» Information provided:
(* For any $\boldsymbol k=(k_1,k_2)\in[-\pi,\pi]^2$ and $\theta\in[0,2\pi]$, $$\sin^2(2\theta)\sin^2(k_1)\sin^2(k_2)\le\det M(\boldsymbol k,\theta)\le 16\sin^2(2\theta).$$ In particular $F(\theta)$ is finite whenever $\sin(2\theta)\ne0$. The function $\theta\mapsto F(\theta)$ is periodic with period $\pi/2$, symmetric (i.e. $F(\theta)=F(\pi/2-\theta)$) and continuous on $(0,\pi/2)$, increasing on $(0,\pi/4)$ and decreasing on $(\pi/4,\pi/2)$. Its infimum is $-\infty$, attained exactly at $\theta\in\{0,\pi/2,\pi,3\pi/2\}$.
   Context: Fix $\beta,J>0$. For $\boldsymbol k=(k_1,k_2)\in[-\pi,\pi]^2$ and $\theta\in\mathbb R$ set $a_\pm=1\pm e^{-ik_1}$, $b_\pm=1\pm e^{-ik_2}$, $\rho=-\cos(2\theta)$ and let $M(\boldsymbol k,\theta)$ be $\frac12$ times the $4\times4$ matrix with rows $(|a_-|^2+|b_-|^2,\ \rho a_-a_+^*,\ \rho b_-b_+^*,\ 0)$, $(\rho a_-^*a_+,\ |a_+|^2+|b_-|^2,\ 0,\ \rho b_-b_+^* )$, $(\rho b_-^*b_+,\ 0,\ |a_-|^2+|b_+|^2,\ \rho a_-a_+^* )$, $(0,\ \rho b_-^*b_+,\ \rho a_-^*a_+,\ |a_+|^2+|b_+|^2)$. Define $F(\theta)=\frac12\log(\beta J)+\frac18\int_{[-\pi,\pi]^2}\frac{d\boldsymbol k}{(2\pi)^2}\log\det M(\boldsymbol k,\theta)$ (with value $-\infty$ allowed). *)

theory Defs
  imports "HOL-Analysis.Analysis"
begin

definition Mmat :: "real \<times> real \<Rightarrow> real \<Rightarrow> complex^4^4" where
  "Mmat k \<theta> =
    (let k1 = fst k; k2 = snd k;
         am = 1 - cis (- k1); ap = 1 + cis (- k1);
         bm = 1 - cis (- k2); bp = 1 + cis (- k2);
         \<rho> = complex_of_real (- cos (2 * \<theta>));
         sq = (\<lambda>z. complex_of_real ((cmod z)^2));
         R :: complex^4^4 = vector [
           vector [sq am + sq bm, \<rho> * am * cnj ap, \<rho> * bm * cnj bp, 0],
           vector [\<rho> * cnj am * ap, sq ap + sq bm, 0, \<rho> * bm * cnj bp],
           vector [\<rho> * cnj bm * bp, 0, sq am + sq bp, \<rho> * am * cnj ap],
           vector [0, \<rho> * cnj bm * bp, \<rho> * cnj am * ap, sq ap + sq bp]]
     in (\<chi> i j. R $ i $ j / 2))"

text \<open>log det M as an extended real; det M is real (M Hermitian) and nonnegative,
  a vanishing determinant gives log = -infinity.\<close>
definition logdetM :: "real \<times> real \<Rightarrow> real \<Rightarrow> ereal" where
  "logdetM k \<theta> = (if Re (det (Mmat k \<theta>)) > 0 then ereal (ln (Re (det (Mmat k \<theta>)))) else - \<infinity>)"

definition ext_set_integral :: "(real \<times> real) set \<Rightarrow> (real \<times> real \<Rightarrow> ereal) \<Rightarrow> ereal" where
  "ext_set_integral S f =
     enn2ereal (\<integral>\<^sup>+ x. e2ennreal (max 0 (f x)) * indicator S x \<partial>lborel)
   - enn2ereal (\<integral>\<^sup>+ x. e2ennreal (max 0 (- f x)) * indicator S x \<partial>lborel)"

definition Ffree :: "real \<Rightarrow> real \<Rightarrow> real \<Rightarrow> ereal" where
  "Ffree \<beta> J \<theta> = ereal (ln (\<beta> * J) / 2)
     + ereal (1/8) * (ext_set_integral ({-pi..pi} \<times> {-pi..pi}) (\<lambda>k. logdetM k \<theta>) / ereal ((2*pi)^2))"

end

theory Submission
  imports Defs
begin

text \<open>Expanding the determinant gives \<open>det M = S (8p + 8q + S (p - q)\<^sup>2)\<close> with
  \<open>S = sin\<^sup>2(2\<theta>)\<close>, \<open>p = sin\<^sup>2 k\<^sub>1\<close>, \<open>q = sin\<^sup>2 k\<^sub>2\<close>, which yields the pointwise bounds.
  For \<open>S > 0\<close> the logarithm splits as \<open>ln S + ln (8p + 8q + S (p - q)\<^sup>2)\<close>; the second term is
  integrable, because near its zeros \<open>\<bar>ln (sin\<^sup>2 x)\<bar>\<close> is dominated by \<open>\<bar>x\<bar>\<^sup>-\<^sup>1\<^sup>/\<^sup>2\<close> up to
  translation, and its integral is nondecreasing and Lipschitz in \<open>S\<close>. Hence \<open>F\<close> is a continuous, strictly increasing
  function of \<open>sin\<^sup>2(2\<theta>)\<close>, and \<open>-\<infinity>\<close> exactly where \<open>sin(2\<theta>) = 0\<close>.\<close>

lemma vector_4_nth [simp]:
  "(vector [x, y, z, w] :: ('a::zero)^4) $ 1 = x"
  "(vector [x, y, z, w] :: ('a::zero)^4) $ 2 = y"
  "(vector [x, y, z, w] :: ('a::zero)^4) $ 3 = z"
  "(vector [x, y, z, w] :: ('a::zero)^4) $ 4 = w"
  unfolding vector_def by simp_all

lemma det_4:
  "det (A::'a::comm_ring_1^4^4) =
   A$1$1*A$2$2*A$3$3*A$4$4 - A$1$1*A$2$2*A$3$4*A$4$3 - A$1$1*A$2$3*A$3$2*A$4$4
 + A$1$1*A$2$3*A$3$4*A$4$2 + A$1$1*A$2$4*A$3$2*A$4$3 - A$1$1*A$2$4*A$3$3*A$4$2
 - A$1$2*A$2$1*A$3$3*A$4$4 + A$1$2*A$2$1*A$3$4*A$4$3 + A$1$2*A$2$3*A$3$1*A$4$4
 - A$1$2*A$2$3*A$3$4*A$4$1 - A$1$2*A$2$4*A$3$1*A$4$3 + A$1$2*A$2$4*A$3$3*A$4$1
 + A$1$3*A$2$1*A$3$2*A$4$4 - A$1$3*A$2$1*A$3$4*A$4$2 - A$1$3*A$2$2*A$3$1*A$4$4
 + A$1$3*A$2$2*A$3$4*A$4$1 + A$1$3*A$2$4*A$3$1*A$4$2 - A$1$3*A$2$4*A$3$2*A$4$1
 - A$1$4*A$2$1*A$3$2*A$4$3 + A$1$4*A$2$1*A$3$3*A$4$2 + A$1$4*A$2$2*A$3$1*A$4$3
 - A$1$4*A$2$2*A$3$3*A$4$1 - A$1$4*A$2$3*A$3$1*A$4$2 + A$1$4*A$2$3*A$3$2*A$4$1"
proof -
  have "finite {2::4, 3, 4}" "1 \<notin> {2::4, 3, 4}"
    and "finite {3::4, 4}" "2 \<notin> {3::4, 4}"
    and "finite {4::4}" "3 \<notin> {4::4}" by auto
  note insert_perms = sum_over_permutations_insert[OF this(1,2)]
    sum_over_permutations_insert[OF this(3,4)] sum_over_permutations_insert[OF this(5,6)]
  show ?thesis
    unfolding det_def UNIV_4 insert_perms permutes_sing
    by (simp add: sign_swap_id permutation_swap_id permutation_compose sign_compose sign_id
        swap_id_eq algebra_simps)
qed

» Problem details: Work through the records line by line and tally those holding "unfolding". Reply with the number alone.

» Answer below: 2